Material supplied:

********

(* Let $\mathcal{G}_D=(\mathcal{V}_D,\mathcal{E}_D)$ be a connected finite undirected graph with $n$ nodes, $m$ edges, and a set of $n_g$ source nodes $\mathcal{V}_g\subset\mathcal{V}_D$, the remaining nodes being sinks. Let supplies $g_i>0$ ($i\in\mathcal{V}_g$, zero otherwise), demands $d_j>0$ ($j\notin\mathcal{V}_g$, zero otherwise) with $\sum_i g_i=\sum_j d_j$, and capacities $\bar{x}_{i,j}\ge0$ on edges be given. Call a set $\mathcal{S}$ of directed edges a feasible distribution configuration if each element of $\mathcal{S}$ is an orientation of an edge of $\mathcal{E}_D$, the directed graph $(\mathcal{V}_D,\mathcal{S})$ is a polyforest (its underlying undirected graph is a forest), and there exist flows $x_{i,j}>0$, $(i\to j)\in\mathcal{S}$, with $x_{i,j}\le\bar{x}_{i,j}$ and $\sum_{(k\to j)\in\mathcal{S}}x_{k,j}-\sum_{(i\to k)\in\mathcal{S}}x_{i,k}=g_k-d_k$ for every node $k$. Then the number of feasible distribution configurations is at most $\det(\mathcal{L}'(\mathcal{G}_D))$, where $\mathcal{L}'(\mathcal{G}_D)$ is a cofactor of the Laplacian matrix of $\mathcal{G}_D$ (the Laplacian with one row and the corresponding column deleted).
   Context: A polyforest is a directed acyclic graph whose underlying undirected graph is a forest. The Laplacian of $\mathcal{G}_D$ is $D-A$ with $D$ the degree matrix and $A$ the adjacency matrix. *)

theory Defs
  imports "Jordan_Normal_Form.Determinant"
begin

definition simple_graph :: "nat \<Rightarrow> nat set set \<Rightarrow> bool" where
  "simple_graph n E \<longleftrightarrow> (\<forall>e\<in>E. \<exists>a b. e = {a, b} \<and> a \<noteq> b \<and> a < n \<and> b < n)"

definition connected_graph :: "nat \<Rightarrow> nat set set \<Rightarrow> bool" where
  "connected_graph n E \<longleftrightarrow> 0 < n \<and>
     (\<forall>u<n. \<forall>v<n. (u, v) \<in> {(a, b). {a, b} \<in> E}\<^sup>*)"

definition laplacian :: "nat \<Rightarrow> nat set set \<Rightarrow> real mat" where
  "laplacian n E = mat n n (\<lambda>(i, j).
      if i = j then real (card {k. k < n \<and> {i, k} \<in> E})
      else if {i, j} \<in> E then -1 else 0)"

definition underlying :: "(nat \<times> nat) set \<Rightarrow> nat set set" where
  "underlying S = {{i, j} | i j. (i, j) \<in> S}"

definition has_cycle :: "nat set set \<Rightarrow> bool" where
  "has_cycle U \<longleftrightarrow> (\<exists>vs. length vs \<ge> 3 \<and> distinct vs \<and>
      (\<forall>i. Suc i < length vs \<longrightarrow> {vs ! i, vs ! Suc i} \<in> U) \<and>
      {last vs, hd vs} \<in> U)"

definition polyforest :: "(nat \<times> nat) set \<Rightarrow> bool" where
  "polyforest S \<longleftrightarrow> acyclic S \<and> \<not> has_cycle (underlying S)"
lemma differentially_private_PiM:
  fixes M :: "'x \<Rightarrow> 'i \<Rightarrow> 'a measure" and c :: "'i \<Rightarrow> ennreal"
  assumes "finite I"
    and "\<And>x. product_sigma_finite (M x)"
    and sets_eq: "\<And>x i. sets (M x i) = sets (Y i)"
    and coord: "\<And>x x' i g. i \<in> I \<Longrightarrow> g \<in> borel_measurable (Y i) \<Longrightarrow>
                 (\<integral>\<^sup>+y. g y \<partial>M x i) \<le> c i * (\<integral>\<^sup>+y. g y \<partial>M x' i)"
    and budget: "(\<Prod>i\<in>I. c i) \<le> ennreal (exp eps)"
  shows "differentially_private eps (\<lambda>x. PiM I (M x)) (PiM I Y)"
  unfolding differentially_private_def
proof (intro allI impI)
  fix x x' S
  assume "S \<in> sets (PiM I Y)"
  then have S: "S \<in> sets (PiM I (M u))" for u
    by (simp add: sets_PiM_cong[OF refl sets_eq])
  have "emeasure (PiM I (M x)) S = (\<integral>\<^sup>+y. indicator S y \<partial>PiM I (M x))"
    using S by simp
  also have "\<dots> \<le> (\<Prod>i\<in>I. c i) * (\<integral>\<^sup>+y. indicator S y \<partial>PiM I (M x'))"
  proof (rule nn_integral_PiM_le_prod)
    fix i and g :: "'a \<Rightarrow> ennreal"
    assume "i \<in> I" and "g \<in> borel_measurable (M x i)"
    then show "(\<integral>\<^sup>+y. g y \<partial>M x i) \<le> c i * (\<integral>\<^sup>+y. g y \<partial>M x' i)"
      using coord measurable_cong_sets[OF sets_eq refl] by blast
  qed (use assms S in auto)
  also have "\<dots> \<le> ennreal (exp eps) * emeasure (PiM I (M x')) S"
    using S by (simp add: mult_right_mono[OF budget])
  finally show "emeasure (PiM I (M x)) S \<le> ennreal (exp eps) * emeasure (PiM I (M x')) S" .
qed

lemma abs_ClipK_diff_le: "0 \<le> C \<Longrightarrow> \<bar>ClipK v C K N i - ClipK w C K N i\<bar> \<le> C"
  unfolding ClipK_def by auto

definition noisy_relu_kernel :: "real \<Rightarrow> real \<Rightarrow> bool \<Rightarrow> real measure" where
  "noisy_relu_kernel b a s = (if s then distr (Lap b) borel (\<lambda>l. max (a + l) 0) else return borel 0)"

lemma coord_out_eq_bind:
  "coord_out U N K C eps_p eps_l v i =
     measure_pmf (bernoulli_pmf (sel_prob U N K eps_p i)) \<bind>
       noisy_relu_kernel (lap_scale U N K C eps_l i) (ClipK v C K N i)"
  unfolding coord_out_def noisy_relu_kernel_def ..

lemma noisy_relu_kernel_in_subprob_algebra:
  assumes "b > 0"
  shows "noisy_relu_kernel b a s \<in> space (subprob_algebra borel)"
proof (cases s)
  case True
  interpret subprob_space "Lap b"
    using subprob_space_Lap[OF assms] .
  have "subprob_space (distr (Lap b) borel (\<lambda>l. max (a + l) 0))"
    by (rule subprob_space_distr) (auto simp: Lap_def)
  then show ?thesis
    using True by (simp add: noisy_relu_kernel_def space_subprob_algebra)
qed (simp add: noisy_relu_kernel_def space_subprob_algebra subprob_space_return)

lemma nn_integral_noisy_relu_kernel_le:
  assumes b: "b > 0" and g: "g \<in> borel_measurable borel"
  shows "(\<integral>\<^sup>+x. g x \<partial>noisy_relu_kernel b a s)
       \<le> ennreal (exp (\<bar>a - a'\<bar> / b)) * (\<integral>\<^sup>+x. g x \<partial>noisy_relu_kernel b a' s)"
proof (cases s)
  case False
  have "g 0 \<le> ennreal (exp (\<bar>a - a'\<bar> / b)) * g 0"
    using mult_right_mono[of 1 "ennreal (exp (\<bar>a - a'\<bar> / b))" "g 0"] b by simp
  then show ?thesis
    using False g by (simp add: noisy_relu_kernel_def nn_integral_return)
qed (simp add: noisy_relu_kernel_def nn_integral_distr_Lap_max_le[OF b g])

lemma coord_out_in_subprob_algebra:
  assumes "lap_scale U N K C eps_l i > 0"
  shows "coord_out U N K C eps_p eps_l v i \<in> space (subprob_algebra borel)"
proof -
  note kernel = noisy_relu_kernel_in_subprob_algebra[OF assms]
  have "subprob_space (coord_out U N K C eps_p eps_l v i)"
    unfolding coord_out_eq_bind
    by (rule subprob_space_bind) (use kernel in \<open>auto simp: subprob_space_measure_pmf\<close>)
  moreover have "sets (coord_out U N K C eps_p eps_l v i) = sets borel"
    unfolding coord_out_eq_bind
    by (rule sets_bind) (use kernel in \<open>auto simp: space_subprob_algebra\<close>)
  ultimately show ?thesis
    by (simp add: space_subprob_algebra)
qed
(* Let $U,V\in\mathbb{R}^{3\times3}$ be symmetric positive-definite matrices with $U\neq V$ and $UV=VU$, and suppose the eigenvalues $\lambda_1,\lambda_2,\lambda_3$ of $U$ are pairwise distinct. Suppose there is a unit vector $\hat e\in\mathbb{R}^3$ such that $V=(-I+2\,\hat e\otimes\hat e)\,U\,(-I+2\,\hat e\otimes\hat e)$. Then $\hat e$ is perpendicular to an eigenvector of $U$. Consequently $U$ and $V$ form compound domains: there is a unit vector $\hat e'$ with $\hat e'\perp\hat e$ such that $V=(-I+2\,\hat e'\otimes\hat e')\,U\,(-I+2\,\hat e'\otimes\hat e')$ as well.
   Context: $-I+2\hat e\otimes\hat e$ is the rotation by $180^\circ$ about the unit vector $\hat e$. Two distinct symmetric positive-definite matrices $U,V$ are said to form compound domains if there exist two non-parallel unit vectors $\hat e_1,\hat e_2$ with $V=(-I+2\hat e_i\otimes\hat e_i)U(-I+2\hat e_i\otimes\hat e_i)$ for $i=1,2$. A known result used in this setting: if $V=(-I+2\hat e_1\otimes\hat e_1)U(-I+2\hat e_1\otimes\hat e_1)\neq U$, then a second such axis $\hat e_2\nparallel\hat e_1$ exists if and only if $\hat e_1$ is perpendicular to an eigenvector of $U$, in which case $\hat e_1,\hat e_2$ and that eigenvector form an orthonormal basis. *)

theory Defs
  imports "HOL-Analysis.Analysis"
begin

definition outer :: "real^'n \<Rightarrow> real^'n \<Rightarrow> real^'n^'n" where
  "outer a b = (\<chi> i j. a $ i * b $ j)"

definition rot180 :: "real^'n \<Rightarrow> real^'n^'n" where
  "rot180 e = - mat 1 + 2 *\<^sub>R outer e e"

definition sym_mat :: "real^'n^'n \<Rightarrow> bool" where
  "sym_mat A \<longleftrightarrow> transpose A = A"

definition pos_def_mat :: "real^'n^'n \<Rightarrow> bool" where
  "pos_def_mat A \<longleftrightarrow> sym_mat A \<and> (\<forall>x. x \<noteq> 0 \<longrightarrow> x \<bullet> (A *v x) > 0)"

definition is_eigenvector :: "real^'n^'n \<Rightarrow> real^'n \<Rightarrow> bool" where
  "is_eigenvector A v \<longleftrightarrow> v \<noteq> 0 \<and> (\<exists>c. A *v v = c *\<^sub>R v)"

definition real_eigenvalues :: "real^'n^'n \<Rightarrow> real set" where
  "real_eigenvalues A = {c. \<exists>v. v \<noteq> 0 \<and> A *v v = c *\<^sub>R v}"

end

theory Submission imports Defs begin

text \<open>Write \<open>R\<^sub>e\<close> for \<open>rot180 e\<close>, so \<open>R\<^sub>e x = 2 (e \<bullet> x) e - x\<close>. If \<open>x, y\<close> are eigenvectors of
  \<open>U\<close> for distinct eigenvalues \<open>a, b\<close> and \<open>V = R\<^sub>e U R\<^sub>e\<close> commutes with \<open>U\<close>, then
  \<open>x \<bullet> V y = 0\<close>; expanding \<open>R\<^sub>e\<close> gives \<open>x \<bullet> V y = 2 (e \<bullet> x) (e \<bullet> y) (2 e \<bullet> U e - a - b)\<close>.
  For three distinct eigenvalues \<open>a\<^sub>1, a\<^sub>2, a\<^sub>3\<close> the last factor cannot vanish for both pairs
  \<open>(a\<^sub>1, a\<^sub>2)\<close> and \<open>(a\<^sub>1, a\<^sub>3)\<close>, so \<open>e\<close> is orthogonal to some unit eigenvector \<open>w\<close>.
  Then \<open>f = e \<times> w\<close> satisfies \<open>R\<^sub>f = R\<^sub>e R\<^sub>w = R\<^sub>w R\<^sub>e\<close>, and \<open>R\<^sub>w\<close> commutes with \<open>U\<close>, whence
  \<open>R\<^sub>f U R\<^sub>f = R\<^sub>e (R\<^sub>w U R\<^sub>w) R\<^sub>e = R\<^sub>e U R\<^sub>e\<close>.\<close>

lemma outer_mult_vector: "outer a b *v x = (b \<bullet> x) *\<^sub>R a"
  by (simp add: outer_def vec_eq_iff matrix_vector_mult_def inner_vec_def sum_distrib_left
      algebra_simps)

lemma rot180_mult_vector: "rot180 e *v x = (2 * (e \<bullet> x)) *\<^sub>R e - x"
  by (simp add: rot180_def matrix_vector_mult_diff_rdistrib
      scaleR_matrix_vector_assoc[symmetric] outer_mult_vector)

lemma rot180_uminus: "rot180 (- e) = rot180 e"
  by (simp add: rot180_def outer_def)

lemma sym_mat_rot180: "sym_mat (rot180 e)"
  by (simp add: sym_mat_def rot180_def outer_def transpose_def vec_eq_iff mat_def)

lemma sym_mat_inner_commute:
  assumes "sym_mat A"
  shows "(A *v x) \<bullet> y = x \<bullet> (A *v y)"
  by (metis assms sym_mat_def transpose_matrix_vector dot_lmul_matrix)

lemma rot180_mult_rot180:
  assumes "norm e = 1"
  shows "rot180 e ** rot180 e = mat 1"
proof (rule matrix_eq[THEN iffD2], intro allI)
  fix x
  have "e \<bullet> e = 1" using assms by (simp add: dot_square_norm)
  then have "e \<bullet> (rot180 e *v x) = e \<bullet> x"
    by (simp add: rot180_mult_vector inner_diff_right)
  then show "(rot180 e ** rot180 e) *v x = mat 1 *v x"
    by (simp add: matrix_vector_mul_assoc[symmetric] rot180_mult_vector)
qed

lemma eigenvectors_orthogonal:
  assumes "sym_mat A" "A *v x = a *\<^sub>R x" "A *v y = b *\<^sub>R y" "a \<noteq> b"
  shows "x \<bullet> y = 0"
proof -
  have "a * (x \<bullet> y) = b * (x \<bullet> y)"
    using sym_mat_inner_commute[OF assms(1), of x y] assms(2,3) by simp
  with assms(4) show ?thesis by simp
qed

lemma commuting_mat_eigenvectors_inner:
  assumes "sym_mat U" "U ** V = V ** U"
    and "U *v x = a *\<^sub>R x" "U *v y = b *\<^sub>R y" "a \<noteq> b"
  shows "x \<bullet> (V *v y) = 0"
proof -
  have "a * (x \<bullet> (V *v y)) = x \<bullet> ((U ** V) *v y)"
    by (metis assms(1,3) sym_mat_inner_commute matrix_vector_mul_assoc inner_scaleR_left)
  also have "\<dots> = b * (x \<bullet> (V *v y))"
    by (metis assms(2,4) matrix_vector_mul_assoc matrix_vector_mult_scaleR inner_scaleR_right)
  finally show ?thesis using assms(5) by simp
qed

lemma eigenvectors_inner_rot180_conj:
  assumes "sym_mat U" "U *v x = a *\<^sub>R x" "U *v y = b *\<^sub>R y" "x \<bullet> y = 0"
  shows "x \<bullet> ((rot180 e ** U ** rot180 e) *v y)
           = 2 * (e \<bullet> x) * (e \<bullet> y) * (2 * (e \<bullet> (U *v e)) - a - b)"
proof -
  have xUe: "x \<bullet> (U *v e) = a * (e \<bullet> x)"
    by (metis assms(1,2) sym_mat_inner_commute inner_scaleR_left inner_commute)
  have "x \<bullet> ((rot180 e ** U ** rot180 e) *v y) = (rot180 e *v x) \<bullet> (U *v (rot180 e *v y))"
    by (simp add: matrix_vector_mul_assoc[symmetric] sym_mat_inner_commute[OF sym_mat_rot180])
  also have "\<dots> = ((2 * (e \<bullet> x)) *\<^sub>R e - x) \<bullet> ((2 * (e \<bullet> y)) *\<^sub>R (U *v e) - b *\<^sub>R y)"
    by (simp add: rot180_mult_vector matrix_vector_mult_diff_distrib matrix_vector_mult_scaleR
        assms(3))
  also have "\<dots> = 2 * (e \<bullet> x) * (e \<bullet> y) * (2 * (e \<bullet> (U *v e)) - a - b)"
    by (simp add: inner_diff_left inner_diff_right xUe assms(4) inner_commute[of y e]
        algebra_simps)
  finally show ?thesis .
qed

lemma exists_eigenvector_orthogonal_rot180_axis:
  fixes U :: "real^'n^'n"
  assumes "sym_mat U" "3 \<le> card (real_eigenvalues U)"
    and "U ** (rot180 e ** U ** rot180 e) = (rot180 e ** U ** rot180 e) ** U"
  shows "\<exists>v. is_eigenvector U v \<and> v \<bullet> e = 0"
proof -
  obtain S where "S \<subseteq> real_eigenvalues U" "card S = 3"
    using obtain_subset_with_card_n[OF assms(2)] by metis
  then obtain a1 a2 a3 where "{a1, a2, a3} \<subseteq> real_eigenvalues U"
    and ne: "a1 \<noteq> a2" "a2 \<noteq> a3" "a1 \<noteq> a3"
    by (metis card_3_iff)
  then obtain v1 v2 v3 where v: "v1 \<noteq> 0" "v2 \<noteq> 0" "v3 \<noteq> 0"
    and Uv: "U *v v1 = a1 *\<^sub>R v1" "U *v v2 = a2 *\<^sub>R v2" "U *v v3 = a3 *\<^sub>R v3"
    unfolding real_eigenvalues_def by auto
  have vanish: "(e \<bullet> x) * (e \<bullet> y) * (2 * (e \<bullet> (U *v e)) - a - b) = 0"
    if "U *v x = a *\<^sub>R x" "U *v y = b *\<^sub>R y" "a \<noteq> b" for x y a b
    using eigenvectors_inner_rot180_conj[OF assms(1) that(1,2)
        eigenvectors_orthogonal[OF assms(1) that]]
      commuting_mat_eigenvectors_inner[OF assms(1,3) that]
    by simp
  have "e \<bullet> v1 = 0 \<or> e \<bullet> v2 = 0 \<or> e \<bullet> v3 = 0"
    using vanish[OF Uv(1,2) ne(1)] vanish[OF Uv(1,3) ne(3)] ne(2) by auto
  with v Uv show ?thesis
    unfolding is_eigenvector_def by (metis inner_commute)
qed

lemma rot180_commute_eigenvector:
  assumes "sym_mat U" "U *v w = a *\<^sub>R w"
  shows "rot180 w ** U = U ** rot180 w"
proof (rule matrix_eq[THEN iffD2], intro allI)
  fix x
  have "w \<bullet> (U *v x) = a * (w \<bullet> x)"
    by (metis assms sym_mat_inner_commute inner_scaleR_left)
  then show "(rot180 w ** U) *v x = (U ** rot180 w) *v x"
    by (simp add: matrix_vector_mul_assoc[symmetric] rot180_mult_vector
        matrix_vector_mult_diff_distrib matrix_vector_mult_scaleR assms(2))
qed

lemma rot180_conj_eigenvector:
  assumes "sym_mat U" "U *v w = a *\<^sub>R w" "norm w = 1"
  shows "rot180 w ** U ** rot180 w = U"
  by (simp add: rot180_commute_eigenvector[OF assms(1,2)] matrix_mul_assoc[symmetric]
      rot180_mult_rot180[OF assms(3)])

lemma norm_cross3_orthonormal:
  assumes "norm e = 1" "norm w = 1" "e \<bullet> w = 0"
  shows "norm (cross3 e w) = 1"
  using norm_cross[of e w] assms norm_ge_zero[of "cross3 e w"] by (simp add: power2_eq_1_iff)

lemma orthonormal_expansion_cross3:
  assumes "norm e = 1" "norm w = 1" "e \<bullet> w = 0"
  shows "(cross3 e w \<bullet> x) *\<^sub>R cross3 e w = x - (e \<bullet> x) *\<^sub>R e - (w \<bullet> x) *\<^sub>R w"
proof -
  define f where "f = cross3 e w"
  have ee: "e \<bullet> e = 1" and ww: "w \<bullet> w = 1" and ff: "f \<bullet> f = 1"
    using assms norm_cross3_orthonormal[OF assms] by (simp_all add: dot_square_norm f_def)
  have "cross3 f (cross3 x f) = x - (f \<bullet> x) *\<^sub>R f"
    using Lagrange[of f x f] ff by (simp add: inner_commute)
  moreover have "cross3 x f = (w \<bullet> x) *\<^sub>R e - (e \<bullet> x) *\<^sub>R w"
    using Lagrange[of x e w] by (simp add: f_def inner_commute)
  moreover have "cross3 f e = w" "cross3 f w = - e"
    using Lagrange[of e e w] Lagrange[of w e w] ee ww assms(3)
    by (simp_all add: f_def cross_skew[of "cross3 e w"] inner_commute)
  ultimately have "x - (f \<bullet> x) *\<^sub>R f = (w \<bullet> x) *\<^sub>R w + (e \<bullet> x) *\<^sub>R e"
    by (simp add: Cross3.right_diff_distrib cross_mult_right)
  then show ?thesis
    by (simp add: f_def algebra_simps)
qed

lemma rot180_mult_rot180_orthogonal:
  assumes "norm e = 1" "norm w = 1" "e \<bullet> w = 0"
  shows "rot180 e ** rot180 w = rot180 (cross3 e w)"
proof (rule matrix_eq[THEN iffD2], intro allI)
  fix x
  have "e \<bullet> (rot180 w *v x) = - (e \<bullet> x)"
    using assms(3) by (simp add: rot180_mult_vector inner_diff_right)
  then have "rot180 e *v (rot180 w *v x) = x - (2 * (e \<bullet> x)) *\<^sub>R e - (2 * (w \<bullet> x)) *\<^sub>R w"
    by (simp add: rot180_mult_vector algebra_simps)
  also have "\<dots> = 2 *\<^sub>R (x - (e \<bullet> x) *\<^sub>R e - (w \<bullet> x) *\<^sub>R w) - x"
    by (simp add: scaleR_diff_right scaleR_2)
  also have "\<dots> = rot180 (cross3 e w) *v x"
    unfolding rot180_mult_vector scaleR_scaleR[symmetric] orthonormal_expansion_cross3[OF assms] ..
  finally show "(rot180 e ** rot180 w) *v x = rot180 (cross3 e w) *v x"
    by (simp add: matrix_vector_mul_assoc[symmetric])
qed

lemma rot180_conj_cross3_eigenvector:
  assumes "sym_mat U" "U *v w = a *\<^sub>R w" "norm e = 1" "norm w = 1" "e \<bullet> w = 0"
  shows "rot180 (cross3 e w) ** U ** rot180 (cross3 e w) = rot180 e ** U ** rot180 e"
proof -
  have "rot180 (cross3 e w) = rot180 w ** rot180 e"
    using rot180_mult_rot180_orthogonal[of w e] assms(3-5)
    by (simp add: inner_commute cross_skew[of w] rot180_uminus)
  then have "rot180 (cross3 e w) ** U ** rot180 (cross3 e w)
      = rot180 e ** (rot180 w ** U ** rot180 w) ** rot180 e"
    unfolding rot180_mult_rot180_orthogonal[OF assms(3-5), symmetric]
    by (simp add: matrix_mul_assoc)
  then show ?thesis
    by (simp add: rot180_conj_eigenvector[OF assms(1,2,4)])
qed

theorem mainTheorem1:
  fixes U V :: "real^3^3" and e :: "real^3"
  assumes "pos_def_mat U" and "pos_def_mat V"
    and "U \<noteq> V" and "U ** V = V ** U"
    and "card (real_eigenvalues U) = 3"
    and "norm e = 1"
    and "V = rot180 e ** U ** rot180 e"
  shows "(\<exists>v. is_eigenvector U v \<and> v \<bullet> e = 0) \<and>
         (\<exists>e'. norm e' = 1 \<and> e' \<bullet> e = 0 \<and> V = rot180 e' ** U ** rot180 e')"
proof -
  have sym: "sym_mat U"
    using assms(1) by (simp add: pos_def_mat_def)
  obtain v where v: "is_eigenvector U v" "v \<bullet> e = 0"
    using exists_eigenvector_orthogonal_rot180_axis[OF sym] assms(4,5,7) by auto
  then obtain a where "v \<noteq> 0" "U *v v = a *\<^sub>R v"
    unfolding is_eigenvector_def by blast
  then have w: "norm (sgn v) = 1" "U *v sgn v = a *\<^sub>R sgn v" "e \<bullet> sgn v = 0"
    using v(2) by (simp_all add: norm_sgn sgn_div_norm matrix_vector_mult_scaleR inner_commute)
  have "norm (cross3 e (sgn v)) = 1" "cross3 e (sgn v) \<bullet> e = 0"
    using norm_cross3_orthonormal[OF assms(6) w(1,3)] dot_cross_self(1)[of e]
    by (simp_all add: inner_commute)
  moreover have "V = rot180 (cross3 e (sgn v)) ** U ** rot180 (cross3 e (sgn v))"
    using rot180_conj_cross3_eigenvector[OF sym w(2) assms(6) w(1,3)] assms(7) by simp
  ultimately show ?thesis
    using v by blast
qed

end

********

Please filter the entries above down to the lines holding "else" and copy them.

      else if {i, j} \<in> E then -1 else 0)"
  "noisy_relu_kernel b a s = (if s then distr (Lap b) borel (\<lambda>l. max (a + l) 0) else return borel 0)"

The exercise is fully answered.